Feminine phenotype and 47, XXX karyotype are present. 89% is of maternal, 8% is of paternal origin, and the remaining 3% is due to post-fertilization mitotic non-disjunction. Neonatal frequency is 1:1000. Two Barr bodies are typical.

3.2.4.4. Double-Y syndrome, "superman" or Jacobs syndrome

In this case normal, slightly taller than the average males have 47,XYY karyotype.

The birth rate is 1:1000. They derived only from paternal second meiotic non-disjunction. In contrast to all meiotic non-disjunctions, the formation is not affected by age, as paternal gametogenesis is continuous from puberty, there are no aged sperms.
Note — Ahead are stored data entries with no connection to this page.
lemma E_K_cond_minus_indep:
  shows "integrable \<mu> (\<lambda>z. kernel_quad K {1..M} (\<lambda>i. q i z - \<pi> i))"
    and "E_K_cond K M \<pi> P Z - E_K_indep K M \<pi> = (\<integral>z. kernel_quad K {1..M} (\<lambda>i. q i z - \<pi> i) \<partial>\<mu>)"
proof -
  have expand: "kernel_quad K {1..M} (\<lambda>i. q i z - \<pi> i) = kernel_quad K {1..M} (\<lambda>i. q i z)
      - kernel_form K {1..M} (\<lambda>i. q i z) \<pi> - kernel_form K {1..M} \<pi> (\<lambda>j. q j z)
      + kernel_quad K {1..M} \<pi>" for z
    by (simp add: kernel_form_diff_left kernel_form_diff_right)
  note integrals = integrable_kernel_quad_cond_label_prob
    integral_kernel_form_cond_label_prob_left[of K \<pi>] integral_kernel_form_cond_label_prob_right[of K \<pi>]
  show "integrable \<mu> (\<lambda>z. kernel_quad K {1..M} (\<lambda>i. q i z - \<pi> i))"
    unfolding expand using integrals by simp
  show "E_K_cond K M \<pi> P Z - E_K_indep K M \<pi> = (\<integral>z. kernel_quad K {1..M} (\<lambda>i. q i z - \<pi> i) \<partial>\<mu>)"
    unfolding expand using integrals
    by (simp add: E_K_cond_eq_integral E_K_indep_eq_kernel_quad \<mu>.prob_space[unfolded space_mixture])
qed

lemma AE_kernel_variance_cond_label_prob:
  "AE z in \<mu>. kernel_variance K {1..M} (\<lambda>i. q i z)
    = (\<Sum>k=1..M. q k z * K k k) - kernel_quad K {1..M} (\<lambda>i. q i z)"
  using AE_sum_cond_label_prob by eventually_elim (simp add: kernel_variance_eq)

lemma E_K_diag_minus_cond:
  shows "integrable \<mu> (\<lambda>z. kernel_variance K {1..M} (\<lambda>i. q i z))"
    and "E_K_diag K M \<pi> - E_K_cond K M \<pi> P Z = (\<integral>z. kernel_variance K {1..M} (\<lambda>i. q i z) \<partial>\<mu>)"
proof -
  have diag: "integrable \<mu> (\<lambda>z. \<Sum>k=1..M. q k z * K k k)"
    "(\<integral>z. (\<Sum>k=1..M. q k z * K k k) \<partial>\<mu>) = E_K_diag K M \<pi>"
    unfolding E_K_diag_def by (rule integral_sum_cond_label_prob)+
  have "integrable \<mu> (\<lambda>z. (\<Sum>k=1..M. q k z * K k k) - kernel_quad K {1..M} (\<lambda>i. q i z))"
    using diag(1) integrable_kernel_quad_cond_label_prob by simp
  then show "integrable \<mu> (\<lambda>z. kernel_variance K {1..M} (\<lambda>i. q i z))"
    by (rule integrable_cong_AE_imp[OF _ _ AE_symmetric[OF AE_kernel_variance_cond_label_prob]])
      measurable
  have "(\<integral>z. kernel_variance K {1..M} (\<lambda>i. q i z) \<partial>\<mu>)
      = (\<integral>z. (\<Sum>k=1..M. q k z * K k k) - kernel_quad K {1..M} (\<lambda>i. q i z) \<partial>\<mu>)"
    by (rule integral_cong_AE[OF _ _ AE_kernel_variance_cond_label_prob]) measurable
  also have "\<dots> = E_K_diag K M \<pi> - E_K_cond K M \<pi> P Z"
    using diag integrable_kernel_quad_cond_label_prob by (simp add: E_K_cond_eq_integral)
  finally show "E_K_diag K M \<pi> - E_K_cond K M \<pi> P Z = (\<integral>z. kernel_variance K {1..M} (\<lambda>i. q i z) \<partial>\<mu>)"
    by simp
qed

lemma E_K_cond_minus_indep_nonneg: "is_kernel M K \<Longrightarrow> 0 \<le> E_K_cond K M \<pi> P Z - E_K_indep K M \<pi>"
  unfolding E_K_cond_minus_indep(2) by (intro Bochner_Integration.integral_nonneg kernel_quad_nonneg)

lemma E_K_cond_minus_indep_eq_0_iff:
  assumes K: "characteristic_kernel M K"
  shows "E_K_cond K M \<pi> P Z - E_K_indep K M \<pi> = 0 \<longleftrightarrow> (\<forall>i\<in>{1..M}. \<forall>j\<in>{1..M}. P i = P j)"
proof -
  have "E_K_cond K M \<pi> P Z - E_K_indep K M \<pi> = 0
      \<longleftrightarrow> (AE z in \<mu>. kernel_quad K {1..M} (\<lambda>i. q i z - \<pi> i) = 0)"
    unfolding E_K_cond_minus_indep(2)
    by (intro integral_nonneg_eq_0_iff_AE E_K_cond_minus_indep(1) AE_I2
        kernel_quad_nonneg characteristic_kernel_is_kernel[OF K])
  also have "\<dots> \<longleftrightarrow> (AE z in \<mu>. \<forall>i\<in>{1..M}. q i z = \<pi> i)"
  proof (rule AE_cong_cond_label_prob)
    fix z assume "(\<Sum>i=1..M. q i z) = 1"
    then have "(\<Sum>i=1..M. q i z - \<pi> i) = 0"
      using sum_weights by (simp add: sum_subtractf)
    then show "kernel_quad K {1..M} (\<lambda>i. q i z - \<pi> i) = 0 \<longleftrightarrow> (\<forall>i\<in>{1..M}. q i z = \<pi> i)"
      by (simp only: characteristic_kernel_quad_eq_0_iff[OF K] right_minus_eq)
  qed
  also have "\<dots> \<longleftrightarrow> (\<forall>i\<in>{1..M}. \<forall>j\<in>{1..M}. P i = P j)"
    by (rule AE_cond_label_prob_eq_weights_iff)
  finally show ?thesis .
qed

lemma E_K_diag_minus_cond_nonneg: "is_kernel M K \<Longrightarrow> 0 \<le> E_K_diag K M \<pi> - E_K_cond K M \<pi> P Z"
  unfolding E_K_diag_minus_cond(2)
  by (intro Bochner_Integration.integral_nonneg kernel_variance_nonneg ballI cond_label_prob_nonneg)

lemma E_K_diag_minus_cond_eq_0_iff:
  assumes K: "characteristic_kernel M K"
  shows "E_K_diag K M \<pi> - E_K_cond K M \<pi> P Z = 0 \<longleftrightarrow> mutually_singular M P Z"
proof -
  have "E_K_diag K M \<pi> - E_K_cond K M \<pi> P Z = 0
      \<longleftrightarrow> (AE z in \<mu>. kernel_variance K {1..M} (\<lambda>i. q i z) = 0)"
    unfolding E_K_diag_minus_cond(2)
    by (intro integral_nonneg_eq_0_iff_AE E_K_diag_minus_cond(1) AE_I2 kernel_variance_nonneg
        ballI cond_label_prob_nonneg characteristic_kernel_is_kernel[OF K])
  also have "\<dots> \<longleftrightarrow> (AE z in \<mu>. \<exists>k\<in>{1..M}. \<forall>i\<in>{1..M}. q i z = of_bool (i = k))"
    using cond_label_prob_nonneg
    by (intro AE_cong_cond_label_prob characteristic_kernel_variance_eq_0_iff[OF K]) blast+
  also have "\<dots> \<longleftrightarrow> mutually_singular M P Z"
    using mutually_singular_if_AE_unit AE_unit_if_mutually_singular by blast
  finally show ?thesis .
qed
They are also featured by poorly tolerated frustration and stronger aggressivity;

perhaps that is why this chromosome abnormality is found in greater numbers amongst imprisoned men. The aggressiveness and the possible criminal tendency are strongly debated, and it would only be 100% decided if the entire male population would be karyotyped and comparative data about their aggressivity would have been available as well. Today many different aggressiveness associated genes and gene mutations are known, that is why the role of the Y chromosome in aggressiveness is questioned.

Knowing the characteristics of meiotic division we could ask that the two aneuploidies (47,XXX and 47,XYY) with normal fertility are characterized by greater prevalence of similar disorders among offspring or not. For example, in the case of double Y syndrome the following karyotypes offspring are expected in the offspring: 2 XXY, 2 XY, 1 XX and 1 XYY. In contrast, birth of only normal offspring was reported so far, however its exact explanation is still not known.